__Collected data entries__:
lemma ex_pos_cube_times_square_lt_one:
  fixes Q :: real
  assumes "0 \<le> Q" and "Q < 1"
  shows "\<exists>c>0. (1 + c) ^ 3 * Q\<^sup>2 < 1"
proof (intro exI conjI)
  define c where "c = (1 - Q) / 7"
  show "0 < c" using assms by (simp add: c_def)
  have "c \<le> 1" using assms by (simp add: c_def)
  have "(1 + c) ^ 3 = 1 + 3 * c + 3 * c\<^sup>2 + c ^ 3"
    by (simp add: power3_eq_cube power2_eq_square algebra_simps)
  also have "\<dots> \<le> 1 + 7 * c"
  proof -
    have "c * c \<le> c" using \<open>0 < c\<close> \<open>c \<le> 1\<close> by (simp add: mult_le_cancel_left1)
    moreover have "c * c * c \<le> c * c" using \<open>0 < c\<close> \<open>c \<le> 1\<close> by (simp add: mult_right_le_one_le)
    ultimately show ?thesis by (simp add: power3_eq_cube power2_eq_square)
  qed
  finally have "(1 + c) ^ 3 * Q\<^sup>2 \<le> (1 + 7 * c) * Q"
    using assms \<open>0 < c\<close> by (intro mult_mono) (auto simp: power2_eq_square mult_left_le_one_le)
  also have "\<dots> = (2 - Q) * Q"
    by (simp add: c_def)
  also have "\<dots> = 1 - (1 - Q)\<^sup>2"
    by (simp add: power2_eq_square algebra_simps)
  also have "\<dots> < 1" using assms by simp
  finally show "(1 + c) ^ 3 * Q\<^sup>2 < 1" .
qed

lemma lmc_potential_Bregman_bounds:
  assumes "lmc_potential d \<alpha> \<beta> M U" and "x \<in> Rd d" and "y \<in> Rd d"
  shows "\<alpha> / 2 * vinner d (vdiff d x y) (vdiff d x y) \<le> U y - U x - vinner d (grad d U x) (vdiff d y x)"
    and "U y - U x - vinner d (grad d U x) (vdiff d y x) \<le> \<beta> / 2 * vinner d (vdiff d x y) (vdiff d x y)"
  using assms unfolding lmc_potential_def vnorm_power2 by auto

---

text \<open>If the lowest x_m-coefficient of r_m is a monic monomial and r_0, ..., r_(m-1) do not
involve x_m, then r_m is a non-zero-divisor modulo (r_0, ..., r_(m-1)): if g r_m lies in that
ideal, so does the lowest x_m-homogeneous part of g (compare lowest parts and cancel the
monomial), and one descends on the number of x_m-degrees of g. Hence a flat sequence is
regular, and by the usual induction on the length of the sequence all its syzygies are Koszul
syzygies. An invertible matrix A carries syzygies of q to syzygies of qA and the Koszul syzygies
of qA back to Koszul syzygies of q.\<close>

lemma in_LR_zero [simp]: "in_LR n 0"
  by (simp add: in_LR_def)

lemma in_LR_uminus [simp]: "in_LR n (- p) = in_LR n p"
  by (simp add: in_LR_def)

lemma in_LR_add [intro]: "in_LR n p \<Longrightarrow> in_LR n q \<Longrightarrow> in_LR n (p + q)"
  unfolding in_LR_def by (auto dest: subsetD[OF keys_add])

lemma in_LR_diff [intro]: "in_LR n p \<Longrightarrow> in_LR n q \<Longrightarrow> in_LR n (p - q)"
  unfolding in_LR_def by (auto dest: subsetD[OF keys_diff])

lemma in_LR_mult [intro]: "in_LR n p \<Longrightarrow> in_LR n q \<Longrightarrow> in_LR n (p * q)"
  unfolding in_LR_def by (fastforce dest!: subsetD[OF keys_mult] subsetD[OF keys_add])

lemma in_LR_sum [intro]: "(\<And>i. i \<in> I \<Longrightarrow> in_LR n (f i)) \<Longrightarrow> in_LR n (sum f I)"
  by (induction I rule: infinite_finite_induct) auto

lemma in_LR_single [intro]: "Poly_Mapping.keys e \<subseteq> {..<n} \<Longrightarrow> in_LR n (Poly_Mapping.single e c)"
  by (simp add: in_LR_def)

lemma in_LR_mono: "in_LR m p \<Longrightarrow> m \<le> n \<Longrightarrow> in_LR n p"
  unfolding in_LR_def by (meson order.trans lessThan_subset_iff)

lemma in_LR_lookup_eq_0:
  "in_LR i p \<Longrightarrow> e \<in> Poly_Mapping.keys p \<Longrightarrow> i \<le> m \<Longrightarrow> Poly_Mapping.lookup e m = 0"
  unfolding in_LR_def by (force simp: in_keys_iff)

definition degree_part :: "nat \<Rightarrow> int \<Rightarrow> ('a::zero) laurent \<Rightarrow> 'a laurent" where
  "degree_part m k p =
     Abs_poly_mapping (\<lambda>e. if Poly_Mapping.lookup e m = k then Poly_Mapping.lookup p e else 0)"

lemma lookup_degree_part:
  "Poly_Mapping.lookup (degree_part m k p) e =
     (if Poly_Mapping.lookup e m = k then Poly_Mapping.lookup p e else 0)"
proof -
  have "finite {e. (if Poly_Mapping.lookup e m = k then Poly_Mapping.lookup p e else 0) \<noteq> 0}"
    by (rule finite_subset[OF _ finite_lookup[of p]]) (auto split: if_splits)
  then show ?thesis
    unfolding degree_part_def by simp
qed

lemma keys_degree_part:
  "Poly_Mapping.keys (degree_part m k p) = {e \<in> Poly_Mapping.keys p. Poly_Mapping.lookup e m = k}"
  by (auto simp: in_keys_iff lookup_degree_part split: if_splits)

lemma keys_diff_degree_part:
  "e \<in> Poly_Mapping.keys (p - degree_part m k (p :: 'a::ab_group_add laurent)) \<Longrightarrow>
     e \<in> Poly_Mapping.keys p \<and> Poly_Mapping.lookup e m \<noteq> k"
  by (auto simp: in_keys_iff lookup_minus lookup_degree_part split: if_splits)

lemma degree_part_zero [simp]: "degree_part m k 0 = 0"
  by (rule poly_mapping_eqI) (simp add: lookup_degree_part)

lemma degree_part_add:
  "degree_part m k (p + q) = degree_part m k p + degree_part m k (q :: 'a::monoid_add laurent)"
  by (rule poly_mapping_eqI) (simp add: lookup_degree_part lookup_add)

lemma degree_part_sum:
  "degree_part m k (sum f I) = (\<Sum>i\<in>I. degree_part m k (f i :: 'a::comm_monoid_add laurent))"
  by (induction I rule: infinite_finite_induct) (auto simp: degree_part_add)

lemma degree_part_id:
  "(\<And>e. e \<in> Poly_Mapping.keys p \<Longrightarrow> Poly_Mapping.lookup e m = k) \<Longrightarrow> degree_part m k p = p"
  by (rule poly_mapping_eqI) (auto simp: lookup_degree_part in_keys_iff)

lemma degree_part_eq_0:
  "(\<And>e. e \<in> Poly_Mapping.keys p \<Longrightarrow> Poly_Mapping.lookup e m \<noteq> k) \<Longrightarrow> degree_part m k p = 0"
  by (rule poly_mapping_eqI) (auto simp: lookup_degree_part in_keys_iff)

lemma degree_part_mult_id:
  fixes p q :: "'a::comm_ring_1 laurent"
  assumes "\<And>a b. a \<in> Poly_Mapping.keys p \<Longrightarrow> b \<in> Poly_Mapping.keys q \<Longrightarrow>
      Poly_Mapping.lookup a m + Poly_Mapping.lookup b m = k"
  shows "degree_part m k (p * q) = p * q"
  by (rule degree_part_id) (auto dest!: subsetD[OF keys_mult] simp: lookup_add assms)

---

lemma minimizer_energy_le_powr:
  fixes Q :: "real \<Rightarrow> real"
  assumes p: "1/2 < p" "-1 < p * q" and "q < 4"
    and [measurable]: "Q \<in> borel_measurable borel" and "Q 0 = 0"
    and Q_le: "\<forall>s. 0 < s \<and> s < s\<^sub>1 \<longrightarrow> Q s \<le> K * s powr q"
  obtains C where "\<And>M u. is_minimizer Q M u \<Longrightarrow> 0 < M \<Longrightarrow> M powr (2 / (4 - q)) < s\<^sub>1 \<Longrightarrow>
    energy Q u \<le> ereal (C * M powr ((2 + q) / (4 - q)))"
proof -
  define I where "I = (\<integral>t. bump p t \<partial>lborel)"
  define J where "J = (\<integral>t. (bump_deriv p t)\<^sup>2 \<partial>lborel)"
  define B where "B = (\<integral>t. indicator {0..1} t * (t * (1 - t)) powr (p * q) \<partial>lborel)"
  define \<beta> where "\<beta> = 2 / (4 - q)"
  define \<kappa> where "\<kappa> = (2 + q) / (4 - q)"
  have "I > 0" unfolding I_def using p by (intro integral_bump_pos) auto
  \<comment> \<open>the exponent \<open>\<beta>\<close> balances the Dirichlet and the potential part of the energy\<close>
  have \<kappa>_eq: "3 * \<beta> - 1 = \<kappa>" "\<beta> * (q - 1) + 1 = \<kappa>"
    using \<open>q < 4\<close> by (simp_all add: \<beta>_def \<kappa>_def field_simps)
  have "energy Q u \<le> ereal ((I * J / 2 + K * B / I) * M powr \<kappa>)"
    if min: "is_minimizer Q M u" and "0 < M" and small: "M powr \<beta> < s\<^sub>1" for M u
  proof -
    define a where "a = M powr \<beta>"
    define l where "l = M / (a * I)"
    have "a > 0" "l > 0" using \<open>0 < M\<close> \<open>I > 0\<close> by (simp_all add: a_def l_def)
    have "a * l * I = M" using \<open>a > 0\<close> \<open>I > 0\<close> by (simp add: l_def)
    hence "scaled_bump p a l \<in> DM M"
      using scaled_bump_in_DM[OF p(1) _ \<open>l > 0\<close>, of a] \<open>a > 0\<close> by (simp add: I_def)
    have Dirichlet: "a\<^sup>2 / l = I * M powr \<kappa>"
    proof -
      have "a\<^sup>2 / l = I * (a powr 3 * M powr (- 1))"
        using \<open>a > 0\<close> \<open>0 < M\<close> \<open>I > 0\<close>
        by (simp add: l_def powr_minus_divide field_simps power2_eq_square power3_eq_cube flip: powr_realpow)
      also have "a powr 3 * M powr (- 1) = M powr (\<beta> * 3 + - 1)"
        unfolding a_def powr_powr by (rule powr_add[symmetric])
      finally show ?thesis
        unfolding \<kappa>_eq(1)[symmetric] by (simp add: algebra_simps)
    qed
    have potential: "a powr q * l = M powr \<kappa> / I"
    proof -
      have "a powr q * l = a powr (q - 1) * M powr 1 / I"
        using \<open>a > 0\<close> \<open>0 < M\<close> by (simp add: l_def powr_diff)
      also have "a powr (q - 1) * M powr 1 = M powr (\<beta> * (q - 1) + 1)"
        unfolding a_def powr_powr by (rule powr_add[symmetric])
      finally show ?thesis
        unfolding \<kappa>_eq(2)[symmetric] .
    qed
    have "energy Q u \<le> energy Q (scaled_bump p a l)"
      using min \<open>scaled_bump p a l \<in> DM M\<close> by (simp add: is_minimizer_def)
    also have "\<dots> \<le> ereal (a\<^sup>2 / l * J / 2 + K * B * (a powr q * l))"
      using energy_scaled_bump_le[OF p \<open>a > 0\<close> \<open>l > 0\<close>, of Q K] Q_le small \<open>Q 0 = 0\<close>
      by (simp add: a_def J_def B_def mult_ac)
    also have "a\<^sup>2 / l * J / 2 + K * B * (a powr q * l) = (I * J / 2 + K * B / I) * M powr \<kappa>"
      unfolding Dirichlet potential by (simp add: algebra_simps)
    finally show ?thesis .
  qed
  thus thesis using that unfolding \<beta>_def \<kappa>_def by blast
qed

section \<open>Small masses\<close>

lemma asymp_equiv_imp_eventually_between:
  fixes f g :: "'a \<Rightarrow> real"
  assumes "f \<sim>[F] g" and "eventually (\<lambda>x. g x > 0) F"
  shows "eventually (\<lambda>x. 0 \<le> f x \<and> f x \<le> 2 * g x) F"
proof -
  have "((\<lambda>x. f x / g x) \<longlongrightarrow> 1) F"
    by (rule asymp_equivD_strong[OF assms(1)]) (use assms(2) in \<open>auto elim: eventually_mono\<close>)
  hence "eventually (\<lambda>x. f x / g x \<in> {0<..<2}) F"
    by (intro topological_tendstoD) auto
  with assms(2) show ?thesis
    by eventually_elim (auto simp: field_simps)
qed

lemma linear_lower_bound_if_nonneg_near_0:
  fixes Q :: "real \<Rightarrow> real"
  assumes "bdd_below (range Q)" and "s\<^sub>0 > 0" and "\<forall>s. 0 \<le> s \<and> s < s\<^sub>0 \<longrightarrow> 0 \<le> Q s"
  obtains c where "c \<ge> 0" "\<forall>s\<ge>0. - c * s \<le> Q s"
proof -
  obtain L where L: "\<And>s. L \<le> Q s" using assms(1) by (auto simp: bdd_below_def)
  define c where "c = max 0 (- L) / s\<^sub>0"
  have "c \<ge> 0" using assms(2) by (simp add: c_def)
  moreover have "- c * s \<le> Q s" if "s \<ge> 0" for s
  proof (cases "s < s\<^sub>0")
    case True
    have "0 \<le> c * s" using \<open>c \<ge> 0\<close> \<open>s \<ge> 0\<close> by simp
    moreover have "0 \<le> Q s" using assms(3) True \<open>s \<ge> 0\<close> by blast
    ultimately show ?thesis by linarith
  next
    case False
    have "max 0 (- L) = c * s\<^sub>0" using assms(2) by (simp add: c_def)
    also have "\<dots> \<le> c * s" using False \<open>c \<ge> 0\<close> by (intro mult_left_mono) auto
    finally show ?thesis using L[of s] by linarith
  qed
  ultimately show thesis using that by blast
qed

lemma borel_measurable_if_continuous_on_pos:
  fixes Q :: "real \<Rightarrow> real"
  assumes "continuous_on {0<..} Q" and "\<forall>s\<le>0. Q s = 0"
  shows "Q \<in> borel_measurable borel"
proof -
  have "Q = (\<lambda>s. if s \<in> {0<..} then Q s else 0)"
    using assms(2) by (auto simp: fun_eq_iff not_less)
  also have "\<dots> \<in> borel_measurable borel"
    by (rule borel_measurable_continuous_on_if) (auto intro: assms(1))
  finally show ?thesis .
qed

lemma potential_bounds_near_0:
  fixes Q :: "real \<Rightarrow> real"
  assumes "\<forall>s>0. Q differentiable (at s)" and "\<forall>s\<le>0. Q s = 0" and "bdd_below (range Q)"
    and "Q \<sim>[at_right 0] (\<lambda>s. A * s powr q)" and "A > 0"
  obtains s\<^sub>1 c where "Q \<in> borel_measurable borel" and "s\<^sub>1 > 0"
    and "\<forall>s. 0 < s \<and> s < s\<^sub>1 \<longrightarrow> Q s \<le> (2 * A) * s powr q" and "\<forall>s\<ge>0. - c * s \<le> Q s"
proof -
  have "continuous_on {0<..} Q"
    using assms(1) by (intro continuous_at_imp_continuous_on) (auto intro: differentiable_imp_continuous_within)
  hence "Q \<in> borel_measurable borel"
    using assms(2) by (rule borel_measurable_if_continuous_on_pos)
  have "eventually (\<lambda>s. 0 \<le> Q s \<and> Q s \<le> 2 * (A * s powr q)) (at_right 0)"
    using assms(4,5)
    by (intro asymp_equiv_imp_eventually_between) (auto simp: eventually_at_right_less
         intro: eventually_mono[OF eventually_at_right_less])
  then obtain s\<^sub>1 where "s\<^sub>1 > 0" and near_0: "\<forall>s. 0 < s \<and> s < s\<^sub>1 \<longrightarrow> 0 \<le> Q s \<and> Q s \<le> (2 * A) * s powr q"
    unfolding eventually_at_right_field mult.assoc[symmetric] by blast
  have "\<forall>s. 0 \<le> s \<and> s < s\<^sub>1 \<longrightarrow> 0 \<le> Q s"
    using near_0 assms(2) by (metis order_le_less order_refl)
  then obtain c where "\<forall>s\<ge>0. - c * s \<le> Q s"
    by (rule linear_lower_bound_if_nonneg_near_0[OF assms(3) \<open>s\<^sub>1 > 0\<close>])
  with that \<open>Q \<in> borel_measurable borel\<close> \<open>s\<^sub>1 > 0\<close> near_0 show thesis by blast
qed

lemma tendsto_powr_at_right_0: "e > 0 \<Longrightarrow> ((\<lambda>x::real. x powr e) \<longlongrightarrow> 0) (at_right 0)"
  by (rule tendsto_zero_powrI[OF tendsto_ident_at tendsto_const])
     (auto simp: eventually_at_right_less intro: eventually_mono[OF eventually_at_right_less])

__To do__:
Start with the line above that contains "x) \<le> \<beta>" and end with the line that contains "using assms unfolding". Write out those lines exactly, and only those.

__Result of this task__:
    and "U y - U x - vinner d (grad d U x) (vdiff d y x) \<le> \<beta> / 2 * vinner d (vdiff d x y) (vdiff d x y)"
  using assms unfolding lmc_potential_def vnorm_power2 by auto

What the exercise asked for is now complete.